▶ [EXERCISE DETAILS]:
Copy the lines exactly. Begin at the first line of the data and stop after the line with "theory Defs".

Dataset excerpts:
== Segment start ==
(* For $n\geq 0$ let $m_n$ and $i_n$ denote the numbers of isomorphism classes of matroids and of irreducible matroids, respectively, on an $n$-element set, and for $r,k\geq 0$ let $m_{r,k}$ and $i_{r,k}$ denote the numbers of isomorphism classes of matroids and of irreducible matroids of rank $r$ and nullity $k$. Let $M(t)=\sum_{n\geq 0}m_nt^n$, $I(t)=\sum_{n\geq0}i_nt^n$, $M(x,y)=\sum_{r,k\geq 0}m_{r,k}x^ry^k$, $I(x,y)=\sum_{r,k\geq0}i_{r,k}x^ry^k$ as formal power series. Then $$M(t)=\frac{1}{1-I(t)}\qquad\text{and}\qquad M(x,y)=\frac{1}{1-I(x,y)}.$$
   Context: For a matroid $M$ on $S$ write $\rho_M$ for rank, $\rho(M)=\rho_M(S)$, $\nu_M(A)=|A|-\rho_M(A)$, $\lambda_M(A)=\rho(M)-\rho_M(A)$. For matroids $M$ on $S$ and $N$ on $T$ with $S\cap T=\emptyset$, the free product $M\mathbin{\Box} N$ is the matroid on $S\cup T$ whose independent sets are those $A$ with $A\cap S$ independent in $M$ and $\lambda_M(A\cap S)\geq\nu_N(A\cap T)$; it is associative. A matroid is irreducible if it is nonempty and every factorization of it as a free product contains it as a factor; the empty matroid is not irreducible (it is counted in $m_0=1$, $m_{0,0}=1$). *)

theory Defs
  imports "HOL-Computational_Algebra.Formal_Power_Series"
begin

definition matroid :: "'a set \<Rightarrow> 'a set set \<Rightarrow> bool" where
  "matroid E \<I> \<longleftrightarrow> finite E \<and> {} \<in> \<I> \<and> (\<forall>X\<in>\<I>. X \<subseteq> E)
     \<and> (\<forall>X Y. Y \<in> \<I> \<and> X \<subseteq> Y \<longrightarrow> X \<in> \<I>)
     \<and> (\<forall>X Y. X \<in> \<I> \<and> Y \<in> \<I> \<and> card X < card Y \<longrightarrow> (\<exists>y\<in>Y - X. insert y X \<in> \<I>))"

definition mrank :: "'a set set \<Rightarrow> 'a set \<Rightarrow> nat" where
  "mrank \<I> A = Max (card ` {Y \<in> \<I>. Y \<subseteq> A})"

definition mlambda :: "'a set \<Rightarrow> 'a set set \<Rightarrow> 'a set \<Rightarrow> int" where
  "mlambda E \<I> A = int (mrank \<I> E) - int (mrank \<I> A)"

definition mnu :: "'a set set \<Rightarrow> 'a set \<Rightarrow> int" where
  "mnu \<I> A = int (card A) - int (mrank \<I> A)"

definition free_product :: "'a set \<Rightarrow> 'a set set \<Rightarrow> 'a set \<Rightarrow> 'a set set \<Rightarrow> 'a set set" where
  "free_product S IS T IT =
     {A. A \<subseteq> S \<union> T \<and> A \<inter> S \<in> IS \<and> mlambda S IS (A \<inter> S) \<ge> mnu IT (A \<inter> T)}"

text \<open>Irreducible: nonempty, and every factorization M = N1 \<box> N2 has M as a factor.
  (By associativity, k-fold factorizations reduce to binary ones.)\<close>
definition irreducible_matroid :: "'a set \<Rightarrow> 'a set set \<Rightarrow> bool" where
  "irreducible_matroid E \<I> \<longleftrightarrow> matroid E \<I> \<and> E \<noteq> {} \<and>
     (\<forall>S IS T IT. matroid S IS \<and> matroid T IT \<and> S \<inter> T = {} \<and> S \<union> T = E
        \<and> free_product S IS T IT = \<I> \<longrightarrow> (S, IS) = (E, \<I>) \<or> (T, IT) = (E, \<I>))"
lemma finite_nat_of_nat_le: "finite {k :: nat. of_nat k \<le> (c :: rat)}"
proof (rule finite_subset)
  show "{k :: nat. of_nat k \<le> c} \<subseteq> {..nat \<lceil>c\<rceil>}"
  proof
    fix k
    assume "k \<in> {k :: nat. of_nat k \<le> c}"
    then have "int k \<le> \<lceil>c\<rceil>"
      by (metis ceiling_mono ceiling_of_nat mem_Collect_eq)
    then show "k \<in> {..nat \<lceil>c\<rceil>}"
      by simp
  qed
qed simp

text \<open>The \<open>k\<close>-th cover is chosen within \<open>d\<^sup>r\<^sup>+\<^sup>k\<close> of the outer measure, so the errors form a null
  family whose sum is small at level \<open>r\<close>.\<close>

lemma cover_sum_UN_approx:
  assumes measurable: "\<And>k. outer_measurable (Q k)" and sums: "lc_sums (\<lambda>k. Mu (Q k)) S"
  obtains x where "cover_sum (\<Union>k. Q k) (S + x)" "lc_small r x"
proof -
  have "\<forall>k. \<exists>t. cover_sum (Q k) t \<and> lc_small (r + of_nat k) (t - Mu (Q k))"
    using outer_measure_approx[OF measurable] by metis
  then obtain t where t: "\<And>k. cover_sum (Q k) (t k)" "\<And>k. lc_small (r + of_nat k) (t k - Mu (Q k))"
    by metis
  define e where "e k = t k - Mu (Q k)" for k
  have "{k. \<not> lc_small r' (e k)} \<subseteq> {k. of_nat k \<le> r' - r}" for r'
  proof (intro subsetI CollectI)
    fix k
    assume "k \<in> {k. \<not> lc_small r' (e k)}"
    then have "\<not> r' \<le> r + of_nat k"
      using lc_small_le_level[OF t(2)] unfolding e_def by blast
    then show "of_nat k \<le> r' - r"
      by simp
  qed
  then have null: "lc_null e"
    unfolding lc_null_def using finite_nat_of_nat_le by (blast intro: finite_subset)
  have "lc_small r (e k)" for k
    using t(2)[of k] unfolding e_def by (rule lc_small_le_level) simp
  then have "lc_small r (lc_csum e - sum e {})"
    by (intro lc_csum_minus_sum_small[OF null]) simp_all
  moreover have "lc_sums t (S + lc_csum e)"
    using lc_sums_add[OF sums lc_null_imp_sums[OF null]] unfolding e_def by simp
  then have "cover_sum (\<Union>k. Q k) (S + lc_csum e)"
    using t(1) by (intro cover_sum_UN)
  ultimately show thesis
    using that by simp
qed

lemma L_measurableD:
  assumes "L_measurable A" "outer_measurable B"
  shows "outer_measurable (A \<inter> B)" "outer_measurable (B - A)"
    and "Mu B = Mu (A \<inter> B) + Mu (B - A)"
  using assms unfolding L_measurable_def Diff_eq Int_commute[of B] by blast+

lemma L_measurable_Int:
  assumes A: "L_measurable A" and A': "L_measurable A'"
  shows "L_measurable (A \<inter> A')"
  unfolding L_measurable_def
proof (intro conjI allI impI)
  have "outer_measurable (A' \<inter> A)"
    using A by (intro L_measurableD(1)[OF A']) (simp add: L_measurable_def)
  then show "outer_measurable (A \<inter> A')"
    by (simp add: Int_commute)
next
  fix B
  assume B: "outer_measurable B"
  note split_A = L_measurableD[OF A B]
  note split_A' = L_measurableD[OF A' split_A(1)]
  have inside: "A \<inter> A' \<inter> B = A' \<inter> (A \<inter> B)"
    by blast
  have outside: "- (A \<inter> A') \<inter> B = (A \<inter> B - A') \<union> (B - A)"
    by blast
  let ?m = "Mu (A \<inter> B - A') + Mu (B - A)"
  have lower: "?m \<le> s" if "cover_sum (- (A \<inter> A') \<inter> B) s" for s
  proof -
    have "Mu B \<le> Mu (A' \<inter> (A \<inter> B)) + s"
      using that by (intro outer_measure_le_Un_cover[OF B split_A'(1)]) auto
    then show ?thesis
      using split_A(3) split_A'(3) by (simp add: algebra_simps)
  qed
  have approx: "\<exists>s. cover_sum (- (A \<inter> A') \<inter> B) s \<and> lc_small r (s - ?m)" for r
    unfolding outside by (rule cover_sum_Un_approx[OF split_A'(2) split_A(2)])
  note outer = outer_measure_eqI[OF lower approx]
  show "outer_measurable (A \<inter> A' \<inter> B)"
    unfolding inside by (rule split_A'(1))
  show "outer_measurable (- (A \<inter> A') \<inter> B)"
    by (rule outer(1))
  show "Mu B = Mu (A \<inter> A' \<inter> B) + Mu (- (A \<inter> A') \<inter> B)"
    using split_A(3) split_A'(3) outer(2) unfolding inside by (simp add: algebra_simps)
qed

section \<open>Decreasing intersections\<close>

lemma Diff_Inter_subset_UN_shells: "G 0 - (\<Inter>k. G k) \<subseteq> (\<Union>k. G k - G (Suc k))"
proof
  fix x
  assume "x \<in> G 0 - (\<Inter>k. G k)"
  then obtain k where "x \<in> G 0" "x \<notin> G k"
    by blast
  moreover have "x \<in> G 0 \<Longrightarrow> x \<notin> G k \<Longrightarrow> \<exists>j. x \<in> G j - G (Suc j)" for k
    by (induction k) auto
  ultimately show "x \<in> (\<Union>k. G k - G (Suc k))"
    by blast
qed

context
  fixes G :: "nat \<Rightarrow> lc set" and B :: "lc set" and l :: lc
  assumes measurable: "\<And>k. L_measurable (G k)" and B: "outer_measurable B"
    and lim: "lc_tendsto (\<lambda>k. Mu (G k \<inter> B)) l"
    and shells: "lc_sums (\<lambda>k. Mu (G k \<inter> B - G (Suc k))) (Mu (G 0 \<inter> B) - l)"
begin

lemma cover_sum_shells_approx:
  obtains x where "cover_sum (\<Union>k. G k \<inter> B - G (Suc k)) (Mu (G 0 \<inter> B) - l + x)" "lc_small r x"
proof (rule cover_sum_UN_approx[OF _ shells])
  show "outer_measurable (G k \<inter> B - G (Suc k))" for k
    using L_measurableD(1)[OF measurable B] by (rule L_measurableD(2)[OF measurable])
qed (rule that)

lemma outer_measure_Inter_Int:
  shows "outer_measurable ((\<Inter>k. G k) \<inter> B)" "Mu ((\<Inter>k. G k) \<inter> B) = l"
proof -
  have lower: "l \<le> s" if s: "cover_sum ((\<Inter>k. G k) \<inter> B) s" for s
  proof (rule lc_le_by_small)
    fix r
    obtain x where x: "cover_sum (\<Union>k. G k \<inter> B - G (Suc k)) (Mu (G 0 \<inter> B) - l + x)" "lc_small r x"
      by (rule cover_sum_shells_approx)
    have "G 0 \<inter> B \<subseteq> ((\<Inter>k. G k) \<inter> B) \<union> (\<Union>k. G k \<inter> B - G (Suc k))"
      using Diff_Inter_subset_UN_shells[of G] by blast
    then have "cover_sum (G 0 \<inter> B) (s + (Mu (G 0 \<inter> B) - l + x))"
      by (rule cover_sum_subset[OF cover_sum_Un[OF s x(1)]])
    then have "Mu (G 0 \<inter> B) \<le> s + (Mu (G 0 \<inter> B) - l + x)"
      by (rule outer_measure_le_cover[OF L_measurableD(1)[OF measurable B]])
    with x(2) show "\<exists>x. lc_small r x \<and> l \<le> s + x"
      by (intro exI[of _ x]) (simp add: algebra_simps)
  qed
  have approx: "\<exists>s. cover_sum ((\<Inter>k. G k) \<inter> B) s \<and> lc_small r (s - l)" for r
  proof -
    obtain N where N: "lc_small r (Mu (G N \<inter> B) - l)"
      using lim unfolding lc_tendsto_iff_small eventually_sequentially by blast
    obtain w where w: "cover_sum (G N \<inter> B) w" "lc_small r (w - Mu (G N \<inter> B))"
      using L_measurableD(1)[OF measurable B] by (rule outer_measure_approx)
    have "cover_sum ((\<Inter>k. G k) \<inter> B) w"
      using w(1) by (rule cover_sum_subset) blast
    moreover have "lc_small r (w - l)"
      using lc_small_add[OF w(2) N] by simp
    ultimately show ?thesis
      by blast
  qed
  show "outer_measurable ((\<Inter>k. G k) \<inter> B)" "Mu ((\<Inter>k. G k) \<inter> B) = l"
    using outer_measure_eqI[OF lower approx] by simp_all
qed

lemma outer_measure_Compl_Inter_Int:
  shows "outer_measurable (- (\<Inter>k. G k) \<inter> B)" "Mu (- (\<Inter>k. G k) \<inter> B) = Mu B - l"
proof -
  have lower: "Mu B - l \<le> s" if "cover_sum (- (\<Inter>k. G k) \<inter> B) s" for s
  proof -
    from that have "Mu B \<le> Mu ((\<Inter>k. G k) \<inter> B) + s"
      by (intro outer_measure_le_Un_cover[OF B outer_measure_Inter_Int(1)]) auto
    then show ?thesis
      unfolding outer_measure_Inter_Int(2) by (simp add: algebra_simps)
  qed
  have approx: "\<exists>s. cover_sum (- (\<Inter>k. G k) \<inter> B) s \<and> lc_small r (s - (Mu B - l))" for r
  proof -
    note split = L_measurableD[OF measurable B, of 0]
    obtain w where w: "cover_sum (B - G 0) w" "lc_small r (w - Mu (B - G 0))"
      using split(2) by (rule outer_measure_approx)
    obtain x where x: "cover_sum (\<Union>k. G k \<inter> B - G (Suc k)) (Mu (G 0 \<inter> B) - l + x)" "lc_small r x"
      by (rule cover_sum_shells_approx)
    have "- (\<Inter>k. G k) \<inter> B \<subseteq> (B - G 0) \<union> (\<Union>k. G k \<inter> B - G (Suc k))"
      using Diff_Inter_subset_UN_shells[of G] by blast
    then have "cover_sum (- (\<Inter>k. G k) \<inter> B) (w + (Mu (G 0 \<inter> B) - l + x))"
      by (rule cover_sum_subset[OF cover_sum_Un[OF w(1) x(1)]])
    moreover have "lc_small r (w + (Mu (G 0 \<inter> B) - l + x) - (Mu B - l))"
      using lc_small_add[OF w(2) x(2)] split(3) by (simp add: algebra_simps)
    ultimately show ?thesis
      by blast
  qed
  show "outer_measurable (- (\<Inter>k. G k) \<inter> B)" "Mu (- (\<Inter>k. G k) \<inter> B) = Mu B - l"
    using outer_measure_eqI[OF lower approx] by simp_all
qed
theorem mainTheorem2:
  fixes G :: "'a graph" and t :: nat
  assumes "simple_graph G" and "twin_free G" and "t \<ge> 1"
  shows "(card (verts G) = 1 \<longrightarrow>
            det_num G = 0 \<and> det_num (mycielskian t G) = t)
       \<and> ((\<exists>z\<in>verts G. (\<forall>e\<in>edges G. z \<notin> e) \<and> edges G \<noteq> {}) \<longrightarrow>
            det_num (mycielskian t G) = det_num G + t - 1)"
proof (intro conjI[OF impI impI])
  assume "card (verts G) = 1"
  then obtain a where "verts G = {a}" by (auto simp: card_1_singleton_iff)
  then show "det_num G = 0 \<and> det_num (mycielskian t G) = t"
    using assms(1,3) by (simp add: det_num_single_vertex det_num_mycielskian_single_vertex)
next
  assume "\<exists>z\<in>verts G. (\<forall>e\<in>edges G. z \<notin> e) \<and> edges G \<noteq> {}"
  then obtain z where z: "z \<in> verts G" "\<forall>e\<in>edges G. z \<notin> e" "edges G \<noteq> {}" by blast
  then have "\<And>y. {z, y} \<notin> edges G" by blast
  then have "open_nbhd G z = {}" unfolding open_nbhd_def adj_def by simp
  with assms z interpret graph_plus_isolated_vertex G z by unfold_locales
  show "det_num (mycielskian t G) = det_num G + t - 1"
    using assms(3) by (rule det_num_mycielskian)
qed

end
lemma tabloid_comp:
  assumes T: "tableau n lam T" and \<sigma>: "\<sigma> permutes {0..<n}"
  shows "tabloid n lam (\<sigma> \<circ> T) = tabloid n lam T \<circ> inv \<sigma>"
proof
  fix k
  show "tabloid n lam (\<sigma> \<circ> T) k = (tabloid n lam T \<circ> inv \<sigma>) k"
  proof (cases "k < n")
    case True
    have bij: "bij_betw T (cells lam) {0..<n}" using T unfolding tableau_def .
    have k': "inv \<sigma> k \<in> {0..<n}"
      using True \<sigma> by (metis atLeastLessThan_iff permutes_inv permutes_in_image zero_le)
    define c where "c = the_inv_into (cells lam) T (inv \<sigma> k)"
    have c: "c \<in> cells lam" "T c = inv \<sigma> k"
      using bij k' unfolding c_def by (auto simp: bij_betw_def the_inv_into_into f_the_inv_into_f)
    have "inj_on (\<sigma> \<circ> T) (cells lam)"
      using bij \<sigma> by (metis bij_betw_def comp_inj_on permutes_inj inj_on_subset subset_UNIV)
    moreover have "(\<sigma> \<circ> T) c = k" using c \<sigma> by (simp add: permutes_inverses(1))
    ultimately have "the_inv_into (cells lam) (\<sigma> \<circ> T) k = c"
      using c(1) by (metis the_inv_into_f_eq)
    then show ?thesis using True k' unfolding tabloid_def c_def by simp
  next
    case False
    then have "inv \<sigma> k = k" using \<sigma> by (metis atLeastLessThan_iff permutes_inv permutes_not_in)
    then show ?thesis using False unfolding tabloid_def by simp
  qed
qed

lemma comp_eq_tabloid_iff:
  assumes "tableau n lam T" and \<sigma>: "\<sigma> permutes {0..<n}"
  shows "t \<circ> \<sigma> = tabloid n lam T \<longleftrightarrow> t = tabloid n lam (\<sigma> \<circ> T)"
proof -
  have "t \<circ> \<sigma> = s \<longleftrightarrow> t = s \<circ> inv \<sigma>" for s :: "nat \<Rightarrow> nat"
    using permutes_inverses[OF \<sigma>] by (metis comp_apply fun_eq_iff)
  then show ?thesis using tabloid_comp[OF assms] by simp
qed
== Segment end ==
▶ [TASK RESPONSE]:
(* For $n\geq 0$ let $m_n$ and $i_n$ denote the numbers of isomorphism classes of matroids and of irreducible matroids, respectively, on an $n$-element set, and for $r,k\geq 0$ let $m_{r,k}$ and $i_{r,k}$ denote the numbers of isomorphism classes of matroids and of irreducible matroids of rank $r$ and nullity $k$. Let $M(t)=\sum_{n\geq 0}m_nt^n$, $I(t)=\sum_{n\geq0}i_nt^n$, $M(x,y)=\sum_{r,k\geq 0}m_{r,k}x^ry^k$, $I(x,y)=\sum_{r,k\geq0}i_{r,k}x^ry^k$ as formal power series. Then $$M(t)=\frac{1}{1-I(t)}\qquad\text{and}\qquad M(x,y)=\frac{1}{1-I(x,y)}.$$
   Context: For a matroid $M$ on $S$ write $\rho_M$ for rank, $\rho(M)=\rho_M(S)$, $\nu_M(A)=|A|-\rho_M(A)$, $\lambda_M(A)=\rho(M)-\rho_M(A)$. For matroids $M$ on $S$ and $N$ on $T$ with $S\cap T=\emptyset$, the free product $M\mathbin{\Box} N$ is the matroid on $S\cup T$ whose independent sets are those $A$ with $A\cap S$ independent in $M$ and $\lambda_M(A\cap S)\geq\nu_N(A\cap T)$; it is associative. A matroid is irreducible if it is nonempty and every factorization of it as a free product contains it as a factor; the empty matroid is not irreducible (it is counted in $m_0=1$, $m_{0,0}=1$). *)

theory Defs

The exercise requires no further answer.